Mal looked around, expecting the New Yorkers on the sidewalk to be conspicuously avoiding her gaze. That was the great thing about the city—everyone minded their own business. And yet, to her surprise, some of them stared at her. “She’s got a little man!” said a guy leaning on a car. He looked around, trying to get everyone to notice. He pointed. “That’s a little man she’s got over there!”
“It’s just my . . . ferret!” said Mal, and threw Ludwig into her tote bag. She held him down beneath a hardback book, pressing the book forcefully. She had an intrusive thought: if only she pressed a little harder . . . but then she wouldn’t have a story.
Faintly, she heard Ludwig say, “When my rescue team arrives you’ll rpoyuitgku your rqwabvc.” Mal had never heard these words before—perhaps they existed in the future. She walked away, the lower portion of her tote bag wriggling.

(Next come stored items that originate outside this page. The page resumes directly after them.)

text \<open>Two points of the cube are joined through the point that has the first point's
  j-th coordinate and agrees with the second one elsewhere.\<close>

lemma sum_pairs_cube_insert_le:
  fixes b :: "nat \<Rightarrow> int" and N :: nat
  assumes "j \<notin> D" "finite D"
  defines "T \<equiv> {b j..<b j + int N}"
  shows "(\<Sum>x\<in>cube (insert j D) b N. \<Sum>y\<in>cube (insert j D) b N. (cmod (h x - h y))\<^sup>2)
    \<le> 2 * real N * (\<Sum>s\<in>T. \<Sum>x\<in>cube D (b(j := s)) N. \<Sum>y\<in>cube D (b(j := s)) N. (cmod (h x - h y))\<^sup>2)
      + 2 * real N ^ card D * (\<Sum>v\<in>cube D b N. \<Sum>s\<in>T. \<Sum>t\<in>T. (cmod (h (v(j := s)) - h (v(j := t))))\<^sup>2)"
proof -
  define C where "C s = cube D (b(j := s)) N" for s
  have "(\<Sum>x\<in>cube (insert j D) b N. \<Sum>y\<in>cube (insert j D) b N. (cmod (h x - h y))\<^sup>2)
      = (\<Sum>s\<in>T. \<Sum>x\<in>C s. \<Sum>t\<in>T. \<Sum>y\<in>C t. (cmod (h x - h y))\<^sup>2)"
    unfolding T_def C_def by (simp add: sum_cube_insert[OF assms(1,2)])
  also have "\<dots> \<le> (\<Sum>s\<in>T. \<Sum>x\<in>C s. \<Sum>t\<in>T. \<Sum>y\<in>C t.
       2 * (cmod (h x - h (y(j := s))))\<^sup>2 + 2 * (cmod (h (y(j := s)) - h y))\<^sup>2)"
    by (intro sum_mono norm_diff_sq_le)
  also have "\<dots> = (\<Sum>s\<in>T. \<Sum>x\<in>C s. \<Sum>t\<in>T. \<Sum>y\<in>C t. 2 * (cmod (h x - h (y(j := s))))\<^sup>2)
      + (\<Sum>s\<in>T. \<Sum>x\<in>C s. \<Sum>t\<in>T. \<Sum>y\<in>C t. 2 * (cmod (h (y(j := s)) - h y))\<^sup>2)"
    by (simp only: sum.distrib)
  also have "(\<Sum>s\<in>T. \<Sum>x\<in>C s. \<Sum>t\<in>T. \<Sum>y\<in>C t. 2 * (cmod (h x - h (y(j := s))))\<^sup>2)
      = 2 * real N * (\<Sum>s\<in>T. \<Sum>x\<in>C s. \<Sum>y\<in>C s. (cmod (h x - h y))\<^sup>2)"
  proof -
    have "(\<Sum>y\<in>C t. 2 * (cmod (h x - h (y(j := s))))\<^sup>2) = (\<Sum>y\<in>C s. 2 * (cmod (h x - h y))\<^sup>2)"
      for s t x
      unfolding C_def by (simp add: sum_cube_shift_slice[OF assms(1)])
    then show ?thesis
      by (simp add: T_def sum_distrib_left algebra_simps)
  qed
  also have "(\<Sum>s\<in>T. \<Sum>x\<in>C s. \<Sum>t\<in>T. \<Sum>y\<in>C t. 2 * (cmod (h (y(j := s)) - h y))\<^sup>2)
      = 2 * real N ^ card D * (\<Sum>v\<in>cube D b N. \<Sum>s\<in>T. \<Sum>t\<in>T. (cmod (h (v(j := s)) - h (v(j := t))))\<^sup>2)"
  proof -
    have "(\<Sum>t\<in>T. \<Sum>y\<in>C t. 2 * (cmod (h (y(j := s)) - h y))\<^sup>2)
        = (\<Sum>v\<in>cube D b N. \<Sum>t\<in>T. 2 * (cmod (h (v(j := s)) - h (v(j := t))))\<^sup>2)" for s
      unfolding T_def C_def sum_cube_insert[OF assms(1,2), symmetric] sum_cube_insert_lines[OF assms(1,2)]
      by simp
    moreover have "card (C s) = N ^ card D" for s
      unfolding C_def by (rule card_cube[OF assms(2)])
    ultimately show ?thesis
      by (simp add: sum_distrib_left sum.swap[of _ T "cube D b N"] ac_simps)
  qed
  finally show ?thesis unfolding C_def .
qed

lemma cube_poincare_pairs:
  "finite D \<Longrightarrow> (\<Sum>x\<in>cube D b N. \<Sum>y\<in>cube D b N. (cmod (h x - h y))\<^sup>2)
     \<le> 2 ^ card D * real N ^ (card D + 2) * cube_energy D b N h"
proof (induction D arbitrary: b rule: finite_induct)
  case (insert j D)
  define T where "T = {b j..<b j + int N}"
  define k where "k = card D"
  let ?E = "\<Sum>s\<in>T. cube_energy D (b(j := s)) N h"
  let ?E1 = "\<Sum>v\<in>cube D b N. line_energy (\<lambda>s. h (v(j := s))) (b j) N"
  have E0: "?E \<ge> 0" "?E1 \<ge> 0"
    by (intro sum_nonneg cube_energy_nonneg line_energy_nonneg)+
  have slices: "(\<Sum>s\<in>T. \<Sum>x\<in>cube D (b(j := s)) N. \<Sum>y\<in>cube D (b(j := s)) N. (cmod (h x - h y))\<^sup>2)
      \<le> (\<Sum>s\<in>T. 2 ^ k * real N ^ (k + 2) * cube_energy D (b(j := s)) N h)"
    unfolding k_def by (intro sum_mono insert.IH)
  have lines: "(\<Sum>v\<in>cube D b N. \<Sum>s\<in>T. \<Sum>t\<in>T. (cmod (h (v(j := s)) - h (v(j := t))))\<^sup>2)
      \<le> (\<Sum>v\<in>cube D b N. real N ^ 3 * line_energy (\<lambda>s. h (v(j := s))) (b j) N)"
    unfolding T_def by (intro sum_mono line_poincare)
  have "(\<Sum>x\<in>cube (insert j D) b N. \<Sum>y\<in>cube (insert j D) b N. (cmod (h x - h y))\<^sup>2)
      \<le> 2 * real N * (\<Sum>s\<in>T. 2 ^ k * real N ^ (k + 2) * cube_energy D (b(j := s)) N h)
        + 2 * real N ^ k * (\<Sum>v\<in>cube D b N. real N ^ 3 * line_energy (\<lambda>s. h (v(j := s))) (b j) N)"
    using sum_pairs_cube_insert_le[OF insert(2,1), where b=b and N=N and h=h]
      mult_left_mono[OF slices, of "2 * real N"] mult_left_mono[OF lines, of "2 * real N ^ k"]
    unfolding T_def k_def by simp
  also have "\<dots> = 2 ^ (k + 1) * real N ^ (k + 3) * ?E + 2 * real N ^ (k + 3) * ?E1"
    by (simp add: sum_distrib_left power_add power3_eq_cube algebra_simps)
  also have "\<dots> \<le> 2 ^ (k + 1) * real N ^ (k + 3) * (?E + ?E1)"
    using E0 by (simp add: distrib_left mult_right_mono)
  also have "\<dots> = 2 ^ card (insert j D) * real N ^ (card (insert j D) + 2) * cube_energy (insert j D) b N h"
    using insert by (simp add: cube_energy_insert T_def k_def power_add power3_eq_cube)
  finally show ?case .
qed (simp add: cube_empty cube_energy_def)

lemma cmod_power2_eq_Re: "(cmod u)\<^sup>2 = Re (cnj u * u)"
  unfolding cmod_power2 by (simp add: power2_eq_square)

lemma sum_pairs_norm_diff_sq:
  assumes "finite A"
  shows "(\<Sum>x\<in>A. \<Sum>y\<in>A. (cmod (h x - h y))\<^sup>2)
    = 2 * real (card A) * (\<Sum>x\<in>A. (cmod (h x))\<^sup>2) - 2 * (cmod (\<Sum>x\<in>A. h x))\<^sup>2"
proof -
  have "(\<Sum>x\<in>A. \<Sum>y\<in>A. Re (cnj (h x) * h y)) = Re (cnj (\<Sum>x\<in>A. h x) * (\<Sum>x\<in>A. h x))"
    by (simp add: cnj_sum sum_product Re_sum)
  then have cross: "(\<Sum>x\<in>A. \<Sum>y\<in>A. Re (cnj (h x) * h y)) = (cmod (\<Sum>x\<in>A. h x))\<^sup>2"
    by (simp add: cmod_power2_eq_Re)
  define q where "q x = (cmod (h x))\<^sup>2" for x
  define r where "r x y = Re (cnj (h x) * h y)" for x y
  have "(cmod (h x - h y))\<^sup>2 = q x + q y - 2 * r x y" for x y
    unfolding q_def r_def cmod_power2 by (simp add: power2_eq_square algebra_simps)
  then have "(\<Sum>x\<in>A. \<Sum>y\<in>A. (cmod (h x - h y))\<^sup>2) = (\<Sum>x\<in>A. \<Sum>y\<in>A. q x + q y - 2 * r x y)"
    by simp
  also have "\<dots> = 2 * real (card A) * (\<Sum>x\<in>A. q x) - 2 * (\<Sum>x\<in>A. \<Sum>y\<in>A. r x y)"
    by (simp add: sum.distrib sum_subtractf sum_distrib_left[symmetric] sum_distrib_right[symmetric]
        algebra_simps)
  finally have "(\<Sum>x\<in>A. \<Sum>y\<in>A. (cmod (h x - h y))\<^sup>2) = 2 * real (card A) * (\<Sum>x\<in>A. q x) - 2 * (\<Sum>x\<in>A. \<Sum>y\<in>A. r x y)" .
  then show ?thesis
    using cross unfolding q_def r_def by simp
qed

lemma cube_poincare:
  assumes "finite D" "N > 0"
  shows "(\<Sum>x\<in>cube D b N. (cmod (h x))\<^sup>2)
     \<le> 2 ^ card D * real N ^ 2 * cube_energy D b N h + (cmod (\<Sum>x\<in>cube D b N. h x))\<^sup>2 / real N ^ card D"
proof -
  let ?V = "real N ^ card D"
  have "2 * ?V * (\<Sum>x\<in>cube D b N. (cmod (h x))\<^sup>2) - 2 * (cmod (\<Sum>x\<in>cube D b N. h x))\<^sup>2
      \<le> 2 ^ card D * real N ^ (card D + 2) * cube_energy D b N h"
    using cube_poincare_pairs[OF assms(1), where b=b and N=N and h=h] sum_pairs_norm_diff_sq[OF finite_cube[OF assms(1)]]
    by (simp add: card_cube[OF assms(1)])
  moreover have "2 ^ card D * real N ^ (card D + 2) * cube_energy D b N h
      = ?V * (2 ^ card D * real N ^ 2 * cube_energy D b N h)"
    by (simp add: power_add power2_eq_square)
  moreover have "?V * (2 ^ card D * real N ^ 2 * cube_energy D b N h) \<ge> 0"
    using cube_energy_nonneg[of D b N h] by simp
  ultimately have "?V * (\<Sum>x\<in>cube D b N. (cmod (h x))\<^sup>2)
      \<le> ?V * (2 ^ card D * real N ^ 2 * cube_energy D b N h) + (cmod (\<Sum>x\<in>cube D b N. h x))\<^sup>2"
    by linarith
  moreover have "?V > 0" using assms by simp
  ultimately show ?thesis by (simp add: field_simps)
qed

section \<open>Blocks of the grid\<close>

lemma grid_eq_cube: "grid d M = cube {..<d} (\<lambda>_. 0) M"
  by (auto simp: grid_def cube_def)

lemma block_eq_cube:
  assumes "\<forall>\<mu>. d \<le> \<mu> \<longrightarrow> w \<mu> = 0"
  shows "block d (int N) w = cube {..<d} (\<lambda>\<mu>. int N * w \<mu>) N"
  using assms by (auto simp: block_def cube_def)

lemma grid_outside: "w \<in> grid d M \<Longrightarrow> d \<le> \<mu> \<Longrightarrow> w \<mu> = 0"
  by (auto simp: grid_def)

lemma finite_grid: "finite (grid d M)"
  by (simp add: grid_eq_cube finite_cube)

lemma card_block: "w \<in> grid d M \<Longrightarrow> card (block d (int N) w) = N ^ d"
  using block_eq_cube[of d w N] grid_outside[of w d M] card_cube[of "{..<d}"] by simp

lemma finite_block: "w \<in> grid d M \<Longrightarrow> finite (block d (int N) w)"
  using block_eq_cube[of d w N] grid_outside[of w d M] finite_cube[of "{..<d}"] by simp

lemma int_div_eq_iff:
  assumes "0 < (N::int)"
  shows "x div N = q \<longleftrightarrow> N * q \<le> x \<and> x < N * q + N"
proof
  show "N * q \<le> x \<and> x < N * q + N" if "x div N = q"
    using mult_div_mod_eq[of N x] pos_mod_sign[OF assms, of x] pos_mod_bound[OF assms, of x]
    unfolding that by linarith
  show "N * q \<le> x \<and> x < N * q + N \<Longrightarrow> x div N = q"
    by (intro int_div_pos_eq[of x N q "x - N * q"]) auto
qed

There were several more escape attempts. The contraption she’d built was unreliable, a failure. Mal was incompetent at work, but she’d resigned herself to this and so had her coworkers. Now she was confronted by her failures at home, too.
“I can’t take it anymore!” she said to Tara, over the phone, on a day when she’d come home to find Ludwig once more free of his bonds and vengefully ripping apart all her bedding. “He’s not like a regular person who asks questions and talks about things. He’s never asked me a single question about myself, and all that I ever do is ask about him! He’s so selfish!”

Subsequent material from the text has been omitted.